This seems a good place to give my impressions of my new companions:

Bjorn, a Cleric of Thor. What can one say about a Cleric of Thor? Brave, Trustworthy, Perceptive, generally dumb as a brick, and a good person to have by one’s side, as long as one doesn't have to listen to him TOO much.

Belladona – a highly skilled archer- almost certainly a Rogue by profession. I've met her sort many a time before- very, very, very good at killing things. My first impression was that she was something of a coward, but I'm not sure that is true. She definitely likes to stay way back from things and disappear at a moments notice. I have no idea whether or not she can be trusted. In my experience, people like her fall into 1 of 2 categories. Category 1 will betray ANYBODY at the drop of a hat. They tend to either die quickly or rise in power quite quickly. Category 2, choose who they betray with some care. They keep faith with at least some allies (at least as long as the allies aren't a major impediment).  Only time will tell which she is. For the moment, I'm going to trust her no more than she is likely to trust me.

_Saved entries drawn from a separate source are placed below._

(* Assume the refinement setting of the context, and assume $F(u)=u$, $G(u)=u$, $p\cap\overline{q}\subseteq F(p\cup q)$, $p\cap\overline{q}\subseteq\mathrm{grd}(G)$ and $p\cap\overline{q}\subseteq G(q)$. Let $p'=r^{-1}[p]$ and $q'=r^{-1}[q]$. Then $p'\cup q'\subseteq{\cal L}(X'(q'))(q')$, where ${\cal L}(X'(q'))(s)$ denotes the greatest fixpoint of the monotone map $Y\mapsto q'\cup\big(G'(s)\cap F'(Y)\cap H(Y)\big)$ on $\mathbb{P}(v)$ (the liberal set transformer of the concrete fair iteration $X'(q')=\overline{q'}\Longrightarrow(((F'\sqcap H);X'(q'))\mathrel{\triangledown} G')$).
   Context: Refinement setting: $u$ (abstract states) and $v$ (concrete states) are sets; $F,G$ are conjunctive set transformers on $u$ and $F',G',H$ conjunctive set transformers on $v$ (conjunctive = preserves intersections of nonempty families of subsets, hence monotone). $\mathrm{grd}(E)=\overline{E(\varnothing)}$. $r\subseteq v\times u$ is a total relation (every $y\in v$ is related to some $x\in u$). For $a\subseteq v$, $r[a]=\{x\in u\mid\exists y\in a,(y,x)\in r\}$; for $b\subseteq u$, $r^{-1}[b]=\{y\in v\mid\exists x\in b,(y,x)\in r\}$. Complements $\overline{\cdot}$ are taken in $u$ for subsets of $u$ and in $v$ for subsets of $v$. The refinement conditions are: for all $s\subseteq v$, $F(\overline{r[\overline{s}]})\subseteq\overline{r[\overline{F'(s)}]}$, $G(\overline{r[\overline{s}]})\subseteq\overline{r[\overline{G'(s)}]}$, and $\overline{r[\overline{s}]}\subseteq\overline{r[\overline{H(s)}]}$. $p,q\subseteq u$. The choice $F'\sqcap H$ is $s\mapsto F'(s)\cap H(s)$. *)

theory Defs
  imports Main
begin

text \<open>Conjunctive set transformer: preserves intersections of nonempty families.
  The state spaces u, v are modelled as the universes of types 'a, 'b.\<close>
definition conjunctive :: "('a set \<Rightarrow> 'a set) \<Rightarrow> bool" where
  "conjunctive F \<longleftrightarrow> (\<forall>S::'a set set. S \<noteq> {} \<longrightarrow> F (\<Inter>S) = (\<Inter>X\<in>S. F X))"

definition grd :: "('a set \<Rightarrow> 'a set) \<Rightarrow> 'a set" where
  "grd E = - E {}"

end

theory Submission
  imports Defs
begin

text \<open>The concrete states related to p or q already form a post-fixpoint of the map
  whose greatest fixpoint is taken, so they lie below it. For a concrete state related to
  an abstract state in p - q, the refinement conditions (for H with the identity as abstract
  transformer) turn the abstract facts G q, F (p \<union> q) and p \<union> q into the concrete ones.\<close>

lemma conjunctive_mono:
  assumes "conjunctive F"
  shows "mono F"
proof (rule monoI)
  fix A B :: "'a set"
  assume "A \<subseteq> B"
  then have "\<Inter>{A, B} = A" by auto
  moreover have "F (\<Inter>{A, B}) = F A \<inter> F B"
    using assms[unfolded conjunctive_def, rule_format, of "{A, B}"] by simp
  ultimately show "F A \<subseteq> F B" by auto
qed

text \<open>- (r `` - s) is the set of abstract states all of whose concrete representatives
  lie in s.\<close>

lemma refinement_Image_converse:
  assumes "mono F"
    and refines: "\<forall>s. F (- (r `` (- s))) \<subseteq> - (r `` (- F' s))"
    and "x \<in> F A" and "(y, x) \<in> r"
  shows "y \<in> F' (r\<inverse> `` A)"
proof -
  have "A \<subseteq> - (r `` (- (r\<inverse> `` A)))" by blast
  then have "F A \<subseteq> - (r `` (- F' (r\<inverse> `` A)))"
    using \<open>mono F\<close> refines by (meson monoD order_trans)
  then show ?thesis using assms(3,4) by blast
qed

theorem lemma5:
  fixes F G :: "'a set \<Rightarrow> 'a set"
    and F' G' H :: "'b set \<Rightarrow> 'b set"
    and r :: "('b \<times> 'a) set"
    and p q :: "'a set"
  assumes "conjunctive F" and "conjunctive G"
    and "conjunctive F'" and "conjunctive G'" and "conjunctive H"
    and total: "\<forall>y. \<exists>x. (y, x) \<in> r"
    and refF: "\<forall>s. F (- (r `` (- s))) \<subseteq> - (r `` (- F' s))"
    and refG: "\<forall>s. G (- (r `` (- s))) \<subseteq> - (r `` (- G' s))"
    and refH: "\<forall>s. - (r `` (- s)) \<subseteq> - (r `` (- H s))"
    and "F UNIV = UNIV" and "G UNIV = UNIV"
    and "p \<inter> - q \<subseteq> F (p \<union> q)"
    and "p \<inter> - q \<subseteq> grd G"
    and "p \<inter> - q \<subseteq> G q"
  shows "(r\<inverse> `` p) \<union> (r\<inverse> `` q)
           \<subseteq> gfp (\<lambda>Y. (r\<inverse> `` q) \<union> (G' (r\<inverse> `` q) \<inter> F' Y \<inter> H Y))"
proof (rule gfp_upperbound, rule subsetI)
  let ?Y = "(r\<inverse> `` p) \<union> (r\<inverse> `` q)"
  have Y_eq: "?Y = r\<inverse> `` (p \<union> q)" by (rule Image_Un [symmetric])
  have "mono F" "mono G"
    using \<open>conjunctive F\<close> \<open>conjunctive G\<close> by (simp_all add: conjunctive_mono)
  fix y
  assume "y \<in> ?Y"
  show "y \<in> (r\<inverse> `` q) \<union> (G' (r\<inverse> `` q) \<inter> F' ?Y \<inter> H ?Y)"
  proof (cases "y \<in> r\<inverse> `` q")
    case False
    with \<open>y \<in> ?Y\<close> obtain x where "(y, x) \<in> r" "x \<in> p \<inter> - q" by blast
    have "y \<in> G' (r\<inverse> `` q)"
      using \<open>x \<in> p \<inter> - q\<close> \<open>p \<inter> - q \<subseteq> G q\<close>
      by (blast intro: refinement_Image_converse[OF \<open>mono G\<close> refG _ \<open>(y, x) \<in> r\<close>])
    moreover have "y \<in> F' ?Y"
      unfolding Y_eq using \<open>x \<in> p \<inter> - q\<close> \<open>p \<inter> - q \<subseteq> F (p \<union> q)\<close>
      by (blast intro: refinement_Image_converse[OF \<open>mono F\<close> refF _ \<open>(y, x) \<in> r\<close>])
    moreover have "y \<in> H ?Y"
      unfolding Y_eq using refinement_Image_converse[of id r H x "p \<union> q" y] refH
        \<open>(y, x) \<in> r\<close> \<open>x \<in> p \<inter> - q\<close> by (simp add: mono_def)
    ultimately show ?thesis by blast
  qed blast
qed

end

Turak - A minotaur. Not exactly sure what he can do, but I think he has some sort of ties to the primal spirits of the land. He hits stuff fairly hard with his massive maul and tends to knock things down a lot. Even more than Bjorn he seems to think with his weapon. Obviously, he’s a little bit of a savage. Still, he accepted me with no problems at all and that has to count for a lot, definitely worth cultivating his friendship. He also seems to eat only hay and mushrooms. I wonder what that is all about?

Vesna - A female viking warrior. She’s the daughter of the Jarl of Grimmsburg, and very, very definitely somebody worth cultivating a relationship with. She also seems to have a reasonable head on her shoulders, far better than I'd expect most viking shield maidens to have.

At any rate, I performed the ritual, and we all returned from the Fey Wild into a troll infested cavern, which afforded me the opportunity to see something of my new companions abilities.

They're all quite powerful, at least as powerful as I am. But they seem to be insanely prolifigate in the use of their abilities. It would appear that they believe the old saw "Never use a hammer to do a job when you've got a sledgehammer available", and they're quite bloodthirsty. Belladona attacked a sleeping Dire Bear. Yeah, he might have gotten involved but one can hardly be certain, and when some of the trolls tried to surrender the decision was made to kill them all anyway, which I had no problem with, actually. Trolls are vermin and should be exterminated. I was just a little surprised that my new associates agreed.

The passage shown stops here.